■ **Work task**
Below are entries; output exactly the lines from the one with "finally show ?thesis" to the one with "section \<open>The rank", both included, and nothing else.

Records for processing Block Start

lemma laplace_image_finite_index:
  assumes x: "x \<in> degree_zero (f2vecs r)"
  shows "(\<lambda>z. int (2 ^ r * fact (2 * n)) * x z) \<in> laplace ` carrier (free_ab (f2vecs r))"
proof -
  define P where "P = int (fact (2 * n))"
  define S where "S = f2vecs r - {f2zero r}"
  define a where "a s = (\<Sum>w\<in>f2vecs r. chi s w * x w)" for s
  \<comment> \<open>invert \<open>L\<close> on each nontrivial character; \<open>a\<close> has no constant term as \<open>x\<close> has degree zero\<close>
  define y where "y w = (if w \<in> f2vecs r then \<Sum>s\<in>S. a s * (P div eigenvalue s) * chi s w else 0)" for w
  have "a (f2zero r) = 0"
    using x by (simp add: a_def chi_def f2dot_f2zero_left degree_zero_def)
  have "laplace y u = int (2 ^ r * fact (2 * n)) * x u" for u
  proof (cases "u \<in> f2vecs r")
    case True
    have "laplace y u = (\<Sum>s\<in>S. a s * (P div eigenvalue s) * eigenvalue s * chi s u)"
      unfolding y_def by (rule laplace_character_combination) (use True in \<open>auto simp: S_def\<close>)
    also have "\<dots> = (\<Sum>s\<in>S. P * (a s * chi s u))"
      using eigenvalue_dvd_fact by (intro sum.cong) (auto simp: S_def P_def)
    also have "\<dots> = P * (\<Sum>s\<in>f2vecs r. a s * chi s u)"
      using \<open>a (f2zero r) = 0\<close> by (simp add: S_def sum_distrib_left sum.remove[of _ "f2zero r"])
    also have "\<dots> = P * (2 ^ r * x u)"
      using character_inversion[of u r x] True by (simp add: a_def)
    finally show ?thesis
      by (simp add: P_def)
  next
    case False
    then show ?thesis
      using x by (simp add: laplace_def degree_zero_def carrier_free_ab)
  qed
  moreover have "y \<in> carrier (free_ab (f2vecs r))"
    by (simp add: carrier_free_ab y_def)
  ultimately show ?thesis
    by (metis image_eqI ext)
qed

end

sublocale connected_cayley_graph \<subseteq> degree_zero_sublattice "f2vecs r" "laplace ` carrier (free_ab (f2vecs r))"
proof (rule degree_zero_sublattice.intro)
  fix x assume "x \<in> degree_zero (f2vecs r)"
  then show "\<exists>k>0. (\<lambda>z. int k * x z) \<in> laplace ` carrier (free_ab (f2vecs r))"
    using laplace_image_finite_index by (intro exI[of _ "2 ^ r * fact (2 * n)"]) simp
qed (simp_all add: subgroup_laplace_image laplace_image_degree_zero)

section \<open>The rank of the Laplacian mod 2\<close>

lemma eq_if_sym_diff_in_trivial_kernel:
  fixes f :: "'a set \<Rightarrow> 'a set"
  assumes linear: "\<And>S S'. S \<subseteq> V \<Longrightarrow> S' \<subseteq> V \<Longrightarrow> f (sym_diff S S') = sym_diff (f S) (f S')"
    and kernel: "\<And>S. S \<subseteq> H \<Longrightarrow> f S = {} \<Longrightarrow> S = {}"
    and "S \<subseteq> V" "S' \<subseteq> V" "sym_diff S S' \<subseteq> H" "f S = f S'"
  shows "S = S'"
proof -
  have "f (sym_diff S S') = {}"
    using linear[OF assms(3,4)] assms(6) by simp
  then have "sym_diff S S' = {}"
    using kernel[OF assms(5)] by simp
  then show ?thesis by auto
qed

lemma card_image_square_zero:
  fixes f :: "'a set \<Rightarrow> 'a set"
  assumes "finite V" "H \<subseteq> V" "card H = card (V - H)"
    and linear: "\<And>S S'. S \<subseteq> V \<Longrightarrow> S' \<subseteq> V \<Longrightarrow> f (sym_diff S S') = sym_diff (f S) (f S')"
    and into: "\<And>S. S \<subseteq> V \<Longrightarrow> f S \<subseteq> V"
    and square_zero: "\<And>S. S \<subseteq> V \<Longrightarrow> f (f S) = {}"
    and kernel: "\<And>S. S \<subseteq> H \<Longrightarrow> f S = {} \<Longrightarrow> S = {}"
  shows "card (f ` Pow V) = 2 ^ card H"
proof (rule antisym)
  have eq_if: "S = S'" if "S \<subseteq> V" "S' \<subseteq> V" "sym_diff S S' \<subseteq> H" "f S = f S'" for S S'
    using eq_if_sym_diff_in_trivial_kernel[OF linear kernel that] .
  have "inj_on f (Pow H)"
  proof (rule inj_onI)
    fix S S' assume "S \<in> Pow H" "S' \<in> Pow H" "f S = f S'"
    then show "S = S'"
      using assms(2) eq_if[of S S'] by auto
  qed
  then have "card (f ` Pow H) = 2 ^ card H"
    using assms(1,2) by (simp add: card_image card_Pow finite_subset)
  moreover have "card (f ` Pow H) \<le> card (f ` Pow V)"
    using assms(1,2) by (intro card_mono) auto
  ultimately show "2 ^ card H \<le> card (f ` Pow V)"
    by simp
  \<comment> \<open>the image lies in the kernel, and the kernel embeds into \<open>Pow (V - H)\<close>\<close>
  define Ker where "Ker = {S \<in> Pow V. f S = {}}"
  have "card (f ` Pow V) \<le> card Ker"
    using into square_zero assms(1) by (intro card_mono) (auto simp: Ker_def)
  also have "card Ker \<le> card (Pow (V - H))"
  proof (rule card_inj_on_le)
    show "inj_on (\<lambda>S. S - H) Ker"
    proof (rule inj_onI)
      fix S S' assume "S \<in> Ker" "S' \<in> Ker" "S - H = S' - H"
      moreover have "sym_diff S S' \<subseteq> H"
        using \<open>S - H = S' - H\<close> by blast
      ultimately show "S = S'"
        using eq_if[of S S'] by (simp add: Ker_def)
    qed
    show "(\<lambda>S. S - H) ` Ker \<subseteq> Pow (V - H)"
      by (auto simp: Ker_def)
  qed (use assms(1) in simp)
  finally show "card (f ` Pow V) \<le> 2 ^ card H"
    using assms(1,3) by (simp add: card_Pow)
qed

locale generic_cayley_graph = cayley_graph +
  assumes M_generic: "f2sum r M \<noteq> f2zero r"
begin

lemma ex_odd_coordinate: "\<exists>j<r. f2sum r M ! j"
  using ex_nth_if_nonzero[OF length_f2sum M_generic] M_nonzero_vecs by auto

definition odd_coord :: nat where
  "odd_coord = (SOME j. j < r \<and> f2sum r M ! j)"

lemma odd_coord: "odd_coord < r" "f2sum r M ! odd_coord"
  using someI_ex[OF ex_odd_coordinate] unfolding odd_coord_def by auto

lemma odd_card_odd_coord: "odd (card {i. i < n \<and> M ! i ! odd_coord})"
proof -
  have "{..<n} \<inter> {i. M ! i ! odd_coord} = {i. i < n \<and> M ! i ! odd_coord}"
    by auto
  then show ?thesis
    using f2sum_nth[of M r odd_coord] odd_coord M_nonzero_vecs by auto
qed

definition hyperplane :: "bool list set" where
  "hyperplane = {u \<in> f2vecs r. \<not> u ! odd_coord}"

Records for processing Block End

■ **Reply to the task**
    finally show ?thesis
      by (simp add: P_def)
  next
    case False
    then show ?thesis
      using x by (simp add: laplace_def degree_zero_def carrier_free_ab)
  qed
  moreover have "y \<in> carrier (free_ab (f2vecs r))"
    by (simp add: carrier_free_ab y_def)
  ultimately show ?thesis
    by (metis image_eqI ext)
qed

end

sublocale connected_cayley_graph \<subseteq> degree_zero_sublattice "f2vecs r" "laplace ` carrier (free_ab (f2vecs r))"
proof (rule degree_zero_sublattice.intro)
  fix x assume "x \<in> degree_zero (f2vecs r)"
  then show "\<exists>k>0. (\<lambda>z. int k * x z) \<in> laplace ` carrier (free_ab (f2vecs r))"
    using laplace_image_finite_index by (intro exI[of _ "2 ^ r * fact (2 * n)"]) simp
qed (simp_all add: subgroup_laplace_image laplace_image_degree_zero)

section \<open>The rank of the Laplacian mod 2\<close>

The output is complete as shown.